But, sure, blame the kicker for missing one field goal.

Similarly, Joseph's loss obscured other failures.

The Vikings were running at will. Kirk Cousins had been efficient and had not turned the ball over all game — and still hasn't turned over the ball all season.

The Vikings offensive line was having a great day in the running game and had improved vastly over Week 1 in pass blocking. The Vikings have two star receivers to go with their all-world running back.

So why did coach Mike Zimmer run about 40 seconds off the clock and settle for a 37-yard-field goal from an inexperienced kicker? An experienced quarterback and star running back might have scored a touchdown, or made the field goal a chip shot.

Cousins' stat line is gaudy, but in a game in which he had the advantage of a great running game and good protection, he produced three offensive points in the second half.

Justin Jefferson, the wonderful second-year receiver, dropped a long Cousins pass down the sideline.

The Vikings' defense, even with Danielle Hunter playing like his old self, allowed 34 points.

But, sure, blame the kicker.

In sports as in politics and business, always follow the money.

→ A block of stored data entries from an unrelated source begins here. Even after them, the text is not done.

lemma embedded_derivation:
  "pderiv_aux SQ P Us Gs ss Q \<Longrightarrow> embeds Vs Gs Us Gb Fb E tr f \<zeta> \<Longrightarrow> derivation_vars ss \<subseteq> Vs \<Longrightarrow>
   \<exists>ss' R. pderiv_aux SQ P (Us \<union> Fb) Gb ss' R \<and> subseq (template ss) (template ss') \<and> card Q \<le> card R"
proof (induction ss arbitrary: Us Gs Gb Fb E tr f \<zeta>)
  case Nil
  note emb = embedsD[OF Nil.prems(2)]
  have "card Gs = card (shift f Gs)"
    using card_shift[OF emb(1) strict_mono_on_imp_inj_on[OF emb(9)]] by simp
  also have "\<dots> \<le> card Gb" using emb(2,10) by (intro card_mono) (auto simp: pgoal_def)
  finally show ?case using Nil.prems(1) by (intro exI[of _ "[]"] exI[of _ Gb]) (simp add: template_def)
next
  case (Cons s ss)
  from Cons.prems(1) have s: "admissible_step SQ P Us Gs s"
    and ss: "pderiv_aux SQ P (Us \<union> step_vars s) (step_res s) ss Q"
    by (simp_all add: pderiv_aux_Cons_iff del: pderiv_aux.simps(2))
  have sV: "step_vars s \<subseteq> Vs" "derivation_vars ss \<subseteq> Vs"
    using Cons.prems(3) by (auto simp: derivation_vars_def)
  have "Gs \<noteq> {}" using s by (cases s) (auto simp: admissible_step_def is_step_def step_goal_def)
  with Cons.prems(2) obtain ss1 Gb1 E1 tr1 \<zeta>1 where ss1: "pderiv_aux SQ P (Us \<union> Fb) Gb ss1 Gb1"
    and emb1: "embeds Vs Gs Us Gb1 (Fb \<union> derivation_vars ss1) E1 tr1 f \<zeta>1"
    and behind: "\<forall>x\<in>prios E1. \<exists>y\<in>prios Gs. f y < x"
    by (rule catch_up)
  from mirror_step[OF emb1 s sV(1) behind] obtain s' E' tr' f' \<zeta>'
    where s': "admissible_step SQ P (Us \<union> (Fb \<union> derivation_vars ss1)) Gb1 s'"
      "step_clause s' = step_clause s" "step_vars s' = step_vars s"
      and emb': "embeds Vs (step_res s) (Us \<union> step_vars s) (step_res s') (Fb \<union> derivation_vars ss1) E' tr' f' \<zeta>'" .
  from Cons.IH[OF ss emb' sV(2)] obtain ss' R
    where ss': "pderiv_aux SQ P (Us \<union> step_vars s \<union> (Fb \<union> derivation_vars ss1)) (step_res s') ss' R"
      "subseq (template ss) (template ss')" "card Q \<le> card R"
    by blast
  have "pderiv_aux SQ P (Us \<union> Fb \<union> derivation_vars ss1) Gb1 (s' # ss') R"
    using s' ss'(1) by (simp add: pderiv_aux_Cons_iff Un_ac del: pderiv_aux.simps(2))
  with ss1 have "pderiv_aux SQ P (Us \<union> Fb) Gb (ss1 @ s' # ss') R" by (rule pderiv_aux_append)
  moreover have "subseq (template (s # ss)) (template (ss1 @ s' # ss'))"
    using ss'(2) s'(2) by (auto simp: template_def intro: subseq_Cons2)
  ultimately show ?case using ss'(3) by blast
qed

end

theorem theoremt4p3p1:
  fixes P :: "('f,'v) clause set" and SQ :: "('f,'v) step set"
    and A B C D Q :: "('f,'v) pgoal" and \<pi> :: "rat \<Rightarrow> rat"
    and ss :: "('f,'v) step list"
  assumes "infinite (UNIV :: 'v set)"
    and "program P"
    and "stack_queue SQ"
    and "shifting \<pi>"
    and "pcat_ok [A, B, C, D]"
    and "pcat_ok [A, B, C, shift \<pi> B, D]"
    and "pderiv SQ P (A \<union> B \<union> C \<union> D) ss Q"
  shows "\<exists>ss' R. pderiv SQ P (A \<union> B \<union> C \<union> shift \<pi> B \<union> D) ss' R \<and>
           subseq (template ss) (template ss') \<and> card Q \<le> card R"
proof -
  obtain stack queue where "stack_queue_rule P SQ stack queue"
    using stack_queue_rule_exists[OF assms(1-3)] .
  then interpret stack_queue_rule P SQ stack queue .
  let ?G = "A \<union> B \<union> C \<union> D"
  define Vs where "Vs = pgoal_vars ?G \<union> derivation_vars ss"
  have der: "pderiv_aux SQ P (pgoal_vars ?G) ?G ss Q" using assms(7) by (simp add: pderiv_def)
  have pG: "pgoal ?G" using pgoal_Union_pcat[OF assms(5)] by (simp add: Un_assoc)
  then have "finite Vs" using finite_derivation_vars[OF der assms(2)]
    by (simp add: Vs_def pgoal_def finite_pgoal_vars)
  then have "embeds Vs ?G (pgoal_vars ?G) (?G \<union> shift \<pi> B) {} (shift \<pi> B) (\<lambda>q. Leaf (inv \<pi> q)) id Var"
    using pG assms(4) pcat_duplicate[OF assms(6)] by (intro embeds_duplicate) (auto simp: Vs_def)
  from embedded_derivation[OF der this] obtain ss' R
    where "pderiv_aux SQ P (pgoal_vars ?G \<union> {}) (?G \<union> shift \<pi> B) ss' R"
      "subseq (template ss) (template ss')" "card Q \<le> card R"
    using Vs_def by (auto simp: derivation_vars_def)
  moreover have "?G \<union> shift \<pi> B = A \<union> B \<union> C \<union> shift \<pi> B \<union> D" by auto
  moreover have "pgoal_vars (?G \<union> shift \<pi> B) = pgoal_vars ?G" by auto
  ultimately show ?thesis unfolding pderiv_def by auto
qed

end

The Vikings have decided to pay a lot of talented players a lot of money, and they have routinely overspent in relation to production.

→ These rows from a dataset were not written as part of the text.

lemma cheb_mom_convolution: "(\<Sum>j\<le>N. cheb_mom j * cheb_mom (N - j)) = 2 * pi * cheb_mom (N + 2)"
proof (cases "even N")
  case True
  then obtain K where N: "N = 2 * K"
    by blast
  have "(\<Sum>j\<le>N. cheb_mom j * cheb_mom (N - j)) = (\<Sum>a\<le>K. cheb_mom (2 * a) * cheb_mom (2 * (K - a)))"
    unfolding N by (subst sum_atMost_double_even_indices) (auto simp: cheb_mom_odd right_diff_distrib')
  also have "\<dots> = (\<Sum>a\<le>K. pi\<^sup>2 * (-1) ^ K * (((1/2) gchoose Suc a) * ((1/2) gchoose Suc (K - a))))"
  proof (rule sum.cong[OF refl])
    fix a
    assume "a \<in> {..K}"
    then have "(-1 :: real) ^ a * (-1) ^ (K - a) = (-1) ^ K"
      by (simp flip: power_add)
    then show "cheb_mom (2 * a) * cheb_mom (2 * (K - a))
        = pi\<^sup>2 * (-1) ^ K * (((1/2) gchoose Suc a) * ((1/2) gchoose Suc (K - a)))"
      unfolding cheb_mom_even by (simp add: power2_eq_square mult_ac)
  qed
  also have "\<dots> = 2 * pi * cheb_mom (N + 2)"
    using cheb_mom_even[of "Suc K"]
    by (simp add: N flip: sum_distrib_left) (simp add: half_gchoose_convolution power2_eq_square)
  finally show ?thesis .
next
  case False
  have "cheb_mom j * cheb_mom (N - j) = 0" if "j \<le> N" for j
  proof (cases "even j")
    case True
    with False that have "odd (N - j)"
      by simp
    then show ?thesis
      by (simp add: cheb_mom_odd)
  qed (simp add: cheb_mom_odd)
  then have "(\<Sum>j\<le>N. cheb_mom j * cheb_mom (N - j)) = 0"
    by (intro sum.neutral) simp
  then show ?thesis
    using False by (simp add: cheb_mom_odd)
qed

section \<open>The inverse functional\<close>

lemma inv_mom_eqI:
  assumes "m 0 \<noteq> 0"
    and convolution: "\<And>n. (\<Sum>k\<le>n. m (n - k) * v k) = (if n = 0 then 1 else 0)"
  shows "inv_mom m = v"
proof
  fix n
  show "inv_mom m n = v n"
  proof (induction n rule: less_induct)
    case (less n)
    show ?case
    proof (cases n)
      case 0
      then show ?thesis
        using convolution[of 0] \<open>m 0 \<noteq> 0\<close> by (simp add: field_simps)
    next
      case (Suc n')
      have "(\<Sum>k\<le>n'. m (Suc n' - k) * v k) + m 0 * v (Suc n') = 0"
        using convolution[of "Suc n'"] by simp
      moreover have "(\<Sum>k\<le>n'. m (Suc n' - k) * inv_mom m k) = (\<Sum>k\<le>n'. m (Suc n' - k) * v k)"
        using less Suc by (intro sum.cong) auto
      ultimately show ?thesis
        using Suc \<open>m 0 \<noteq> 0\<close> by (simp add: field_simps)
    qed
  qed
qed

definition cheb_inv_mom :: "nat \<Rightarrow> real" where
  "cheb_inv_mom n = (if n = 0 then 2 / pi else if n = 1 then 0 else - cheb_mom (n - 2) / pi\<^sup>2)"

Anthony Barr may be a good player, but he was a bad signing. This is the second season in a row in which his injury replacement — Eric Wilson in 2020 and Nick Vigil this year — has made more pivotal plays than we're accustomed to Barr making.

Harrison Smith just signed another big deal, and he is making few pivotal plays.

Then there is Cousins, The Illusionist. He is one of the highest-paid quarterbacks in the league. He is surrounded with skill position talent. Sunday, his offensive line played well. He produced zero offensive touchdowns in the second half of a wide-open game.

His record in Washington: 26-30-1. His record in Minnesota, starting with a season that followed a 13-3 Vikings season: 25-23-1. Career record: 51-53-2. That's what the Vikings are paying $33 million a year for.

Star players are on the field for 50 to 70 plays a game. Coaches spend all week devising schemes and plays and make hundreds of decisions during the game. Kickers jog onto the field and swing their leg a few times a game.

There is a cure for this problem: Deemphasize kicking.

There is no way a field goal should be half as valuable as a touchdown. There is no way an extra point should be half as valuable as a two-point attempt.

Kicking should be a desperate, end-of-half, tiebreaking stratagem, not an accepted feature of modern football.

But then Vikings fans would have to blame their favorite players, not their kicking temp, when they lose.